### Work order
Find how many lines in the listing below include the word "then". Give that number only.

Segment Open

lemma symmetric_psd_shift_eig_lambda2:
  fixes A :: "real mat"
  assumes A: "A \<in> carrier_mat n n" and sym: "A\<^sup>T = A"
    and psd: "\<And>y. y \<in> carrier_vec n \<Longrightarrow> 0 \<le> y \<bullet> (A *\<^sub>v y)"
    and z: "z \<in> carrier_vec n" "z \<noteq> 0\<^sub>v n" "z \<bullet> (A *\<^sub>v z) = 0" and y: "y \<in> carrier_vec n"
  shows "\<exists>t. eig_lambda 2 A * ((y + t \<cdot>\<^sub>v z) \<bullet> (y + t \<cdot>\<^sub>v z))
    \<le> (y + t \<cdot>\<^sub>v z) \<bullet> (A *\<^sub>v (y + t \<cdot>\<^sub>v z))"
proof (cases "eig_lambda 2 A \<le> 0")
  case True
  have "eig_lambda 2 A * (y \<bullet> y) \<le> 0"
    using True real_scalar_prod_self_nonneg[of y] by (simp add: mult_nonpos_nonneg)
  moreover have "y + 0 \<cdot>\<^sub>v z = y" using y z(1) by (intro eq_vecI) auto
  ultimately show ?thesis using psd[OF y] by (intro exI[of _ 0]) simp
next
  case False
  define es where "es = eigs_asc A"
  have l: "es ! 1 > 0" using False unfolding eig_lambda_def es_def by simp
  from eigs_asc_symmetric[OF A sym] obtain U where les: "length es = n" and sorted: "sorted es"
    and U: "orthonormal_mat n U" and AU: "A = U * mat_diag n (\<lambda>i. es ! i) * U\<^sup>T"
    unfolding es_def by blast
  note Um = orthonormal_matD[OF U]
  have es_ge: "es ! 1 \<le> es ! k" if "1 \<le> k" "k < n" for k
    using sorted_nth_mono[OF sorted that(1)] that les by auto
  have es_nonneg: "0 \<le> es ! k" if "k < n" for k
    using symmetric_psd_eigs_asc_nonneg[OF A sym psd that] unfolding es_def .
  have es_pos: "0 < es ! k" if "1 \<le> k" "k < n" for k using es_ge[OF that] l by linarith
  define c0 where "c0 = U\<^sup>T *\<^sub>v z"
  have c0: "c0 \<in> carrier_vec n" unfolding c0_def using Um z by auto
  have c00: "c0 $ 0 \<noteq> 0"
    unfolding c0_def by (rule null_vector_coords_orthonormal_diag(2)[OF U AU es_nonneg es_pos z])
  define c where "c = U\<^sup>T *\<^sub>v y"
  have cc: "c \<in> carrier_vec n" unfolding c_def using Um y by auto
  define t where "t = - (c $ 0) / (c0 $ 0)"
  define y' where "y' = y + t \<cdot>\<^sub>v z"
  have y': "y' \<in> carrier_vec n" unfolding y'_def using y z by auto
  have cy': "U\<^sup>T *\<^sub>v y' = c + t \<cdot>\<^sub>v c0"
    unfolding y'_def c_def c0_def using Um y z
    by (simp add: mult_add_distrib_mat_vec[of _ n n] mult_mat_vec[of _ n n])
  have "n \<noteq> 0" using z by (intro notI, auto intro!: eq_vecI)
  hence c'0: "(c + t \<cdot>\<^sub>v c0) $ 0 = 0" using cc c0 c00 unfolding t_def by simp
  have "es ! 1 * (y' \<bullet> y') = (\<Sum>k<n. es ! 1 * ((c + t \<cdot>\<^sub>v c0) $ k)^2)"
    unfolding orthonormal_coords_norm[OF U y', symmetric] cy' by (simp add: sum_distrib_left)
  also have "\<dots> \<le> (\<Sum>k<n. es ! k * ((c + t \<cdot>\<^sub>v c0) $ k)^2)"
  proof (rule sum_mono)
    fix k assume "k \<in> {..<n}"
    thus "es ! 1 * ((c + t \<cdot>\<^sub>v c0) $ k)^2 \<le> es ! k * ((c + t \<cdot>\<^sub>v c0) $ k)^2"
      using es_ge[of k] c'0 by (cases "k = 0", simp, intro mult_right_mono, auto)
  qed
  also have "\<dots> = y' \<bullet> (A *\<^sub>v y')"
    unfolding quadratic_form_orthonormal_diag[OF U AU y'] cy' ..
  finally show ?thesis unfolding y'_def eig_lambda_def es_def by auto
qed

section \<open>The quadratic form of the normalized signless Laplacian\<close>

lemma sum_lessThan_add: "(\<Sum>i<(m::nat) + n. f i) = (\<Sum>i<m. f i) + (\<Sum>j<n. f (m + j))"
  by (induct n) (auto simp: add.assoc)

lemma normalized_carrier: "(K :: real mat) \<in> carrier_mat n n \<Longrightarrow> normalized K \<in> carrier_mat n n"
  unfolding normalized_def Let_def by (auto simp: mat_diag_def)

lemma normalized_index:
  assumes K: "(K :: real mat) \<in> carrier_mat n n" and i: "i < n" and j: "j < n"
  shows "normalized K $$ (i,j) = K $$ (i,j) / (sqrt (K $$ (i,i)) * sqrt (K $$ (j,j)))"
  using K i j unfolding normalized_def Let_def
  by (simp add: mat_diag_mult_left[OF K] mat_diag_mult_right[of _ n n])

lemma normalized_transpose:
  assumes K: "(K :: real mat) \<in> carrier_mat n n" and sym: "K\<^sup>T = K"
  shows "(normalized K)\<^sup>T = normalized K"
proof (rule eq_matI)
  fix i j assume "i < dim_row (normalized K)" "j < dim_col (normalized K)"
  hence ij: "i < n" "j < n" using normalized_carrier[OF K] by auto
  have "K $$ (j,i) = K $$ (i,j)" using arg_cong[OF sym, of "\<lambda>M. M $$ (i,j)"] ij K by simp
  thus "(normalized K)\<^sup>T $$ (i,j) = normalized K $$ (i,j)"
    using ij normalized_carrier[OF K] by (simp add: normalized_index[OF K] mult.commute)
qed (insert normalized_carrier[OF K], auto)

lemma normalized_quadratic_form:
  fixes K :: "real mat" and w :: "nat \<Rightarrow> real"
  assumes K: "K \<in> carrier_mat n n" and pos: "\<And>i. i < n \<Longrightarrow> 0 < K $$ (i,i)"
  defines "y \<equiv> vec n (\<lambda>i. sqrt (K $$ (i,i)) * w i)"
  shows "y \<bullet> (normalized K *\<^sub>v y) = (\<Sum>i<n. \<Sum>j<n. w i * K $$ (i,j) * w j)"
proof -
  have "y \<bullet> (normalized K *\<^sub>v y) = (\<Sum>i<n. y $ i * (\<Sum>j<n. normalized K $$ (i,j) * y $ j))"
    using normalized_carrier[OF K] unfolding y_def by (simp add: scalar_prod_def lessThan_atLeast0)
  also have "\<dots> = (\<Sum>i<n. \<Sum>j<n. w i * K $$ (i,j) * w j)"
    unfolding sum_distrib_left
  proof (intro sum.cong refl)
    fix i j assume "i \<in> {..<n}" "j \<in> {..<n}"
    hence ij: "i < n" "j < n" by auto
    have "sqrt (K $$ (i,i)) > 0" "sqrt (K $$ (j,j)) > 0" using pos ij by auto
    thus "y $ i * (normalized K $$ (i,j) * y $ j) = w i * K $$ (i,j) * w j"
      unfolding y_def normalized_index[OF K ij] using ij by (simp add: field_simps)
  qed
  finally show ?thesis .
qed

lemma signless_laplacian_carrier:
  "signless_laplacian r1 r2 P \<in> carrier_mat (r1 + r2) (r1 + r2)"
  unfolding signless_laplacian_def pair_mat_def by auto

lemma signless_laplacian_index:
  assumes "i < r1 + r2" "j < r1 + r2"
  shows "signless_laplacian r1 r2 P $$ (i,j) =
    (if i < r1 then (if j < r1 then (if i = j then marg1 r2 P i else 0) else P i (j - r1))
     else (if j < r1 then P j (i - r1) else (if i = j then marg2 r1 P (i - r1) else 0)))"
  using assms unfolding signless_laplacian_def pair_mat_def by (simp add: mat_diag_def; arith)

lemma signless_laplacian_transpose: "(signless_laplacian r1 r2 P)\<^sup>T = signless_laplacian r1 r2 P"
  using signless_laplacian_carrier[of r1 r2 P]
  by (intro eq_matI) (auto simp: signless_laplacian_index)

lemma signless_laplacian_bilinear:
  "(\<Sum>i<r1 + r2. \<Sum>j<r1 + r2. w i * signless_laplacian r1 r2 P $$ (i,j) * w j)
    = (\<Sum>a<r1. \<Sum>b<r2. P a b * (w a + w (r1 + b))^2)"
proof -
  let ?K = "signless_laplacian r1 r2 P"
  have "(\<Sum>i<r1 + r2. \<Sum>j<r1 + r2. w i * ?K $$ (i,j) * w j)
      = (\<Sum>a<r1. marg1 r2 P a * (w a)^2 + (\<Sum>b<r2. w a * P a b * w (r1+b)))
      + (\<Sum>b<r2. (\<Sum>a<r1. w (r1+b) * P a b * w a) + marg2 r1 P b * (w (r1+b))^2)"
    unfolding sum_lessThan_add
    by (intro arg_cong2[where f = "(+)"] sum.cong refl)
       (simp_all add: signless_laplacian_index mult_delta_left mult_delta_right power2_eq_square)
  also have "\<dots> = (\<Sum>a<r1. \<Sum>b<r2. P a b * (w a + w (r1 + b))^2)"
  proof -
    have e1: "(\<Sum>b<r2. \<Sum>a<r1. w (r1+b) * P a b * w a) = (\<Sum>a<r1. \<Sum>b<r2. w a * P a b * w (r1+b))"
      by (subst sum.swap) (simp add: ac_simps)
    have e2: "(\<Sum>b<r2. marg2 r1 P b * (w (r1+b))^2) = (\<Sum>a<r1. \<Sum>b<r2. P a b * (w (r1+b))^2)"
      unfolding marg2_def sum_distrib_right by (rule sum.swap)
    have e3: "(\<Sum>a<r1. marg1 r2 P a * (w a)^2) = (\<Sum>a<r1. \<Sum>b<r2. P a b * (w a)^2)"
      unfolding marg1_def sum_distrib_right ..
    have "(\<Sum>a<r1. \<Sum>b<r2. P a b * (w a + w (r1+b))^2) = (\<Sum>a<r1. \<Sum>b<r2. P a b * (w a)^2
        + 2 * (w a * P a b * w (r1+b)) + P a b * (w (r1+b))^2)"
      by (intro sum.cong refl) (simp add: power2_eq_square algebra_simps)
    hence e4: "(\<Sum>a<r1. \<Sum>b<r2. P a b * (w a + w (r1+b))^2) = (\<Sum>a<r1. \<Sum>b<r2. P a b * (w a)^2)
        + 2 * (\<Sum>a<r1. \<Sum>b<r2. w a * P a b * w (r1+b)) + (\<Sum>a<r1. \<Sum>b<r2. P a b * (w (r1+b))^2)"
      by (simp only: sum.distrib sum_distrib_left)
    show ?thesis unfolding sum.distrib e1 e2 e3 e4 by simp
  qed
  finally show ?thesis .
qed

definition scaled_pair_vec ::
  "nat \<Rightarrow> nat \<Rightarrow> (nat \<Rightarrow> nat \<Rightarrow> real) \<Rightarrow> (nat \<Rightarrow> real) \<Rightarrow> (nat \<Rightarrow> real) \<Rightarrow> real vec" where
  "scaled_pair_vec r1 r2 P u v = vec (r1 + r2) (\<lambda>i.
     sqrt (signless_laplacian r1 r2 P $$ (i,i)) * (if i < r1 then u i else v (i - r1)))"

context
  fixes r1 r2 :: nat and P :: "nat \<Rightarrow> nat \<Rightarrow> real"
  assumes pos1: "\<forall>a<r1. 0 < marg1 r2 P a" and pos2: "\<forall>b<r2. 0 < marg2 r1 P b"
begin

lemma signless_laplacian_diag_pos: "i < r1 + r2 \<Longrightarrow> 0 < signless_laplacian r1 r2 P $$ (i,i)"
  using pos1 pos2 by (auto simp: signless_laplacian_index)

lemma scaled_pair_vec_quadratic_form:
  "scaled_pair_vec r1 r2 P u v \<bullet> (normalized (signless_laplacian r1 r2 P) *\<^sub>v scaled_pair_vec r1 r2 P u v)
    = expect r1 r2 P (\<lambda>a b. (u a + v b)^2)"
  unfolding scaled_pair_vec_def expect_def
  by (subst normalized_quadratic_form[OF signless_laplacian_carrier signless_laplacian_diag_pos])
     (simp_all add: signless_laplacian_bilinear)

lemma scaled_pair_vec_norm:
  "scaled_pair_vec r1 r2 P u v \<bullet> scaled_pair_vec r1 r2 P u v
    = (\<Sum>a<r1. marg1 r2 P a * (u a)^2) + (\<Sum>b<r2. marg2 r1 P b * (v b)^2)"
proof -
  have "scaled_pair_vec r1 r2 P u v \<bullet> scaled_pair_vec r1 r2 P u v
      = (\<Sum>i<r1 + r2. signless_laplacian r1 r2 P $$ (i,i) * (if i < r1 then u i else v (i - r1))^2)"
    unfolding scaled_pair_vec_def scalar_prod_def lessThan_atLeast0[symmetric]
    using signless_laplacian_diag_pos
    by (intro sum.cong) (auto simp: power2_eq_square less_imp_le)
  also have "\<dots> = (\<Sum>a<r1. marg1 r2 P a * (u a)^2) + (\<Sum>b<r2. marg2 r1 P b * (v b)^2)"
    unfolding sum_lessThan_add by (simp add: signless_laplacian_index)
  finally show ?thesis .
qed

lemma scaled_pair_vec_surj:
  assumes "y \<in> carrier_vec (r1 + r2)"
  shows "\<exists>u v. y = scaled_pair_vec r1 r2 P u v"
proof (intro exI eq_vecI)
  let ?d = "\<lambda>i. sqrt (signless_laplacian r1 r2 P $$ (i,i))"
  fix i assume "i < dim_vec (scaled_pair_vec r1 r2 P (\<lambda>a. y $ a / ?d a) (\<lambda>b. y $ (r1 + b) / ?d (r1 + b)))"
  hence "i < r1 + r2" unfolding scaled_pair_vec_def by simp
  with signless_laplacian_diag_pos[OF this]
  show "y $ i = scaled_pair_vec r1 r2 P (\<lambda>a. y $ a / ?d a) (\<lambda>b. y $ (r1 + b) / ?d (r1 + b)) $ i"
    unfolding scaled_pair_vec_def by auto
qed (insert assms, auto simp: scaled_pair_vec_def)

end

lemma scaled_pair_vec_shift:
  "scaled_pair_vec r1 r2 P (\<lambda>a. u a + t) (\<lambda>b. v b - t)
    = scaled_pair_vec r1 r2 P u v + t \<cdot>\<^sub>v scaled_pair_vec r1 r2 P (\<lambda>_. 1) (\<lambda>_. -1)"
  unfolding scaled_pair_vec_def by (intro eq_vecI) (auto simp: algebra_simps)

context
  fixes r1 r2 :: nat and P :: "nat \<Rightarrow> nat \<Rightarrow> real"
  assumes P: "\<forall>a<r1. \<forall>b<r2. 0 \<le> P a b"
    and pos1: "\<forall>a<r1. 0 < marg1 r2 P a" and pos2: "\<forall>b<r2. 0 < marg2 r1 P b"
begin

lemma normalized_signless_laplacian_psd:
  assumes "y \<in> carrier_vec (r1 + r2)"
  shows "0 \<le> y \<bullet> (normalized (signless_laplacian r1 r2 P) *\<^sub>v y)"
proof -
  from scaled_pair_vec_surj[OF pos1 pos2 assms] obtain u v where "y = scaled_pair_vec r1 r2 P u v"
    by blast
  thus ?thesis using P
    by (auto simp: scaled_pair_vec_quadratic_form[OF pos1 pos2] expect_def intro!: sum_nonneg)
qed

lemma eig_lambda2_normalized_signless_laplacian_nonneg:
  assumes "0 < r1" "0 < r2"
  shows "0 \<le> eig_lambda 2 (normalized (signless_laplacian r1 r2 P))"
  unfolding eig_lambda_def
  using symmetric_psd_eigs_asc_nonneg[OF normalized_carrier[OF signless_laplacian_carrier]
      normalized_transpose[OF signless_laplacian_carrier signless_laplacian_transpose]
      normalized_signless_laplacian_psd] assms
  by simp

lemma eig_lambda2_poincare:
  assumes "0 < r1"
  shows "\<exists>t. eig_lambda 2 (normalized (signless_laplacian r1 r2 P)) *
      ((\<Sum>a<r1. marg1 r2 P a * (u a + t)^2) + (\<Sum>b<r2. marg2 r1 P b * (v b - t)^2))
    \<le> expect r1 r2 P (\<lambda>a b. (u a + v b)^2)"
proof -
  let ?A = "normalized (signless_laplacian r1 r2 P)"
  let ?z = "scaled_pair_vec r1 r2 P (\<lambda>_. 1) (\<lambda>_. -1)"
  have A: "?A \<in> carrier_mat (r1 + r2) (r1 + r2)"
    by (rule normalized_carrier[OF signless_laplacian_carrier])
  have z: "?z \<in> carrier_vec (r1 + r2)" unfolding scaled_pair_vec_def by simp
  have y: "scaled_pair_vec r1 r2 P u v \<in> carrier_vec (r1 + r2)" unfolding scaled_pair_vec_def by simp
  have "?z $ 0 \<noteq> 0"
    using assms signless_laplacian_diag_pos[OF pos1 pos2, of 0] unfolding scaled_pair_vec_def by simp
  hence z0: "?z \<noteq> 0\<^sub>v (r1 + r2)" using assms by auto
  have zAz: "?z \<bullet> (?A *\<^sub>v ?z) = 0"
    unfolding scaled_pair_vec_quadratic_form[OF pos1 pos2] expect_def by simp
  obtain t where
    "eig_lambda 2 ?A * ((scaled_pair_vec r1 r2 P u v + t \<cdot>\<^sub>v ?z) \<bullet> (scaled_pair_vec r1 r2 P u v + t \<cdot>\<^sub>v ?z))
      \<le> (scaled_pair_vec r1 r2 P u v + t \<cdot>\<^sub>v ?z) \<bullet> (?A *\<^sub>v (scaled_pair_vec r1 r2 P u v + t \<cdot>\<^sub>v ?z))"
    using symmetric_psd_shift_eig_lambda2[OF A
        normalized_transpose[OF signless_laplacian_carrier signless_laplacian_transpose]
        normalized_signless_laplacian_psd z z0 zAz y]
    by blast
  thus ?thesis
    unfolding scaled_pair_vec_shift[symmetric] scaled_pair_vec_norm[OF pos1 pos2]
      scaled_pair_vec_quadratic_form[OF pos1 pos2]
    by (intro exI[of _ t]) simp
qed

Segment Closed

### Result of the exercise
4